— What you need to do —
From the records below, extract only the lines running from the line with "by (simp_all add: comps_def L_def" to the line with "nleaves (Nd (c1", both lines included, reproducing them exactly.
Extracted information below:
lemma comps_invariant_Nd:
  assumes inv: "\<And>c k. c \<in> set (c1 # mids @ [cm]) \<Longrightarrow> comps_invariant c k"
  shows "comps_invariant (Nd (c1 # mids @ [cm])) k"
proof -
  define k1 k2 e where "k1 = k + nleaves c1" and "k2 = k1 + nleavesl mids" and "e = k2 + nleaves cm"
  define L R where "L = root_comp c1 k" and "R = root_comp cm k2"
  define B where "B = comps c1 k - {L} \<union> forest_comps mids k1 \<union> (comps cm k2 - {R})"
  have k2_eq: "k + nleavesl (c1 # mids) = k2"
    by (simp add: k1_def k2_def)
  have "forest_comps (c1 # mids @ [cm]) k = comps c1 k \<union> forest_comps mids k1 \<union> comps cm k2"
    by (simp add: forest_comps_append k1_def k2_def add.assoc Un_assoc)
  moreover have "k + nleavesl (c1 # mids @ [cm]) = e"
    by (simp add: e_def k2_def k1_def)
  ultimately have F: "noncrossing (comps c1 k \<union> forest_comps mids k1 \<union> comps cm k2)"
    "support (comps c1 k \<union> forest_comps mids k1 \<union> comps cm k2) = {k..<e}"
    using forest_comps_invariant[of "c1 # mids @ [cm]" k, OF inv] by simp_all
  have c1: "support (comps c1 k) = {k..<k1}" "k \<in> leafset L" "k1 - 1 \<in> leafset L"
    "L \<notin> inner_comps c1 k"
    using inv[of c1 k] by (simp_all add: comps_invariant_def L_def k1_def)
  have cm: "support (comps cm k2) = {k2..<e}" "k2 \<in> leafset R" "e - 1 \<in> leafset R"
    "R \<notin> inner_comps cm k2"
    using inv[of cm k2] by (simp_all add: comps_invariant_def R_def e_def)
  have mids: "support (forest_comps mids k1) = {k1..<k2}"
    using forest_comps_invariant[of mids k1] inv by (simp add: k2_def)
  have join: "noncrossing (insert (BNode L R) B)" "BNode L R \<notin> B"
    using noncrossing_join_blocks[OF F(1) c1(1) _ cm(1) _ _ c1(3) _ cm(2)] mids
    unfolding B_def L_def R_def by (simp_all add: comps_def k2_def)
  have "B = inner_comps (Nd (c1 # mids @ [cm])) k"
    using c1(4) cm(4) unfolding B_def inner_comps_Nd k2_eq k1_def[symmetric] L_def R_def comps_def by auto
  moreover have "root_comp (Nd (c1 # mids @ [cm])) k = BNode L R"
    unfolding root_comp_Nd k2_eq L_def R_def ..
  moreover have "support (insert (BNode L R) B) = {k..<e}"
  proof -
    have "L \<in> comps c1 k" "R \<in> comps cm k2"
      by (simp_all add: comps_def L_def R_def)
    then have "insert L (insert R B) = comps c1 k \<union> forest_comps mids k1 \<union> comps cm k2"
      unfolding B_def by blast
    moreover have "support (insert (BNode L R) B) = support (insert L (insert R B))"
      by (simp add: Un_assoc)
    ultimately show ?thesis
      using F(2) by (simp only:)
  qed
  moreover have "k + nleaves (Nd (c1 # mids @ [cm])) = e"
    by (subst nleaves_Nd) (simp_all add: e_def k2_def k1_def)
  ultimately show ?thesis
    using join c1(2) cm(3) unfolding comps_invariant_def comps_def by simp
qed
lemma increasing_dir_pos_pos_iff:
  "increasing_dir M (1, 1) \<longleftrightarrow> tp2_on {0..1} {0..1} (survival_copula C)"
proof -
  have "increasing_dir M (1, 1) \<longleftrightarrow>
      tp2_on UNIV UNIV (\<lambda>p q. survival_copula C (1 - uniform_cdf p) (1 - uniform_cdf q))"
    by (simp add: increasing_dir_iff_tp2 prob_upper_event_pos_pos)
  also have "\<dots> \<longleftrightarrow> tp2_on (range (\<lambda>p. 1 - uniform_cdf p)) (range (\<lambda>q. 1 - uniform_cdf q))
      (survival_copula C)"
    using antimono_one_minus_uniform_cdf antimono_one_minus_uniform_cdf
    by (rule tp2_on_compose_antimono)
  finally show ?thesis
    by (simp add: range_one_minus_uniform_cdf)
qed

end

theorem theorem3p1:
  fixes C :: "real \<Rightarrow> real \<Rightarrow> real" and M :: "(real \<times> real) measure"
  assumes "is_2copula C"
    and "has_copula_df M C"
  shows "(increasing_dir M (-1, -1) \<longleftrightarrow>
           (\<forall>u\<in>{0..1}. \<forall>v\<in>{0..1}. \<forall>u'\<in>{0..1}. \<forall>v'\<in>{0..1}. u \<le> u' \<and> v \<le> v' \<longrightarrow>
              C u v * C u' v' \<ge> C u v' * C u' v))
       \<and> (increasing_dir M (1, -1) \<longleftrightarrow>
           (\<forall>u\<in>{0..1}. \<forall>v\<in>{0..1}. \<forall>u'\<in>{0..1}. \<forall>v'\<in>{0..1}. u \<le> u' \<and> v \<le> v' \<longrightarrow>
              (v - C u v) * (v' - C u' v') \<le> (v - C u' v) * (v' - C u v')))
       \<and> (increasing_dir M (-1, 1) \<longleftrightarrow>
           (\<forall>u\<in>{0..1}. \<forall>v\<in>{0..1}. \<forall>u'\<in>{0..1}. \<forall>v'\<in>{0..1}. u \<le> u' \<and> v \<le> v' \<longrightarrow>
              (u - C u v) * (u' - C u' v') \<le> (u' - C u' v) * (u - C u v')))
       \<and> (increasing_dir M (1, 1) \<longleftrightarrow>
           (\<forall>u\<in>{0..1}. \<forall>v\<in>{0..1}. \<forall>u'\<in>{0..1}. \<forall>v'\<in>{0..1}. u \<le> u' \<and> v \<le> v' \<longrightarrow>
              survival_copula C u v * survival_copula C u' v'
                \<ge> survival_copula C u v' * survival_copula C u' v))"
proof -
  interpret copula_distribution M C
    using assms(2) by (rule copula_distribution.intro)
  show ?thesis
    unfolding increasing_dir_neg_neg_iff increasing_dir_pos_neg_iff increasing_dir_neg_pos_iff
      increasing_dir_pos_pos_iff tp2_on_def rr2_on_def
    by blast
qed

end
(* Let $n,m,k\ge1$, fix $i\in\{1,\dots,n\}$, and let $f\in L^2((0,1)^n)$, $h_1\in L^2((0,1)^m)$, $h_2\in L^2((0,1)^{k+n-1})$ be real-valued, with $f$ not a.e. constant. Define $g(x,\xi,\eta)=f(x)h_1(\xi)+h_2(x_{\sim i},\eta)$ for $x\in(0,1)^n$, $\xi\in(0,1)^m$, $\eta\in(0,1)^k$, and assume $\mathrm{Var}(g)>0$ and $\int h_1^2>0$. Then $S^g_{T_{x_i}}=\gamma_{f,h_1,h_2}S^f_{T_{x_i}}$, where $$\gamma_{f,h_1,h_2}=\frac{\int f^2\,dx-f_0^2}{\int f^2\,dx-\frac{f_0^2(h_1)_0^2}{\int h_1^2\,d\xi}+\frac{\int\int h_2^2\,dx_{\sim i}\,d\eta-(h_2)_0^2}{\int h_1^2\,d\xi}+2(h_1)_0\frac{(fh_2)_0-f_0(h_2)_0}{\int h_1^2\,d\xi}}.$$ If additionally $(h_1)_0(fh_2)_0\ge f_0(h_1)_0(h_2)_0$, then $S^g_{T_{x_i}}\le S^f_{T_{x_i}}$.
   Context: All integrals are with respect to Lebesgue measure over unit cubes (inputs independent, uniform on $[0,1]$). $x_{\sim i}=(x_1,\dots,x_{i-1},x_{i+1},\dots,x_n)$. For a function $\varphi$, $\varphi_0=\int\varphi$ is its mean and $\mathrm{Var}(\varphi)=\int\varphi^2-\varphi_0^2$; in particular $(fh_2)_0=\int f(x)h_2(x_{\sim i},\eta)\,dx\,d\eta$. For square-integrable $\varphi$ of variables $(x,y)$ the total Sobol index of $x_i$ is $$S^{\varphi}_{T_{x_i}}=\frac{\int\varphi^2\,dx\,dy-\int\big(\int\varphi\,dx_i\big)^2dx_{\sim i}\,dy}{\mathrm{Var}(\varphi)}.$$ *)

theory Defs
  imports "HOL-Analysis.Analysis"
begin

text \<open>Lebesgue measure on the unit interval, and on unit cubes indexed by a finite set I
  of coordinates (points are extensional functions nat \<Rightarrow> real with domain I).\<close>
definition unitI :: "real measure" where
  "unitI = restrict_space lborel {0..1}"

definition cube :: "nat set \<Rightarrow> (nat \<Rightarrow> real) measure" where
  "cube I = PiM I (\<lambda>_. unitI)"

definition mean :: "'a measure \<Rightarrow> ('a \<Rightarrow> real) \<Rightarrow> real" where
  "mean M \<phi> = (\<integral>z. \<phi> z \<partial>M)"

definition var :: "'a measure \<Rightarrow> ('a \<Rightarrow> real) \<Rightarrow> real" where
  "var M \<phi> = (\<integral>z. (\<phi> z)^2 \<partial>M) - (mean M \<phi>)^2"

text \<open>Integrating the squared partial integral over all of (x,y) is the same as over
  (x_{~i},y) since it does not depend on x_i and unitI has total mass 1.\<close>
definition total_sobol ::
  "nat set \<Rightarrow> 'b measure \<Rightarrow> nat \<Rightarrow> ((nat \<Rightarrow> real) \<times> 'b \<Rightarrow> real) \<Rightarrow> real" where
  "total_sobol I N i \<phi> =
     ((\<integral>z. (\<phi> z)^2 \<partial>(cube I \<Otimes>\<^sub>M N))
      - (\<integral>z. (\<integral>t. \<phi> ((fst z)(i := t), snd z) \<partial>unitI)^2 \<partial>(cube I \<Otimes>\<^sub>M N)))
     / var (cube I \<Otimes>\<^sub>M N) \<phi>"

definition total_sobol_x ::
  "nat set \<Rightarrow> nat \<Rightarrow> ((nat \<Rightarrow> real) \<Rightarrow> real) \<Rightarrow> real" where
  "total_sobol_x I i \<phi> =
     ((\<integral>x. (\<phi> x)^2 \<partial>cube I)
      - (\<integral>x. (\<integral>t. \<phi> (x(i := t)) \<partial>unitI)^2 \<partial>cube I))
     / var (cube I) \<phi>"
End of Extracted information.
— The completed task —
      by (simp_all add: comps_def L_def R_def)
    then have "insert L (insert R B) = comps c1 k \<union> forest_comps mids k1 \<union> comps cm k2"
      unfolding B_def by blast
    moreover have "support (insert (BNode L R) B) = support (insert L (insert R B))"
      by (simp add: Un_assoc)
    ultimately show ?thesis
      using F(2) by (simp only:)
  qed
  moreover have "k + nleaves (Nd (c1 # mids @ [cm])) = e"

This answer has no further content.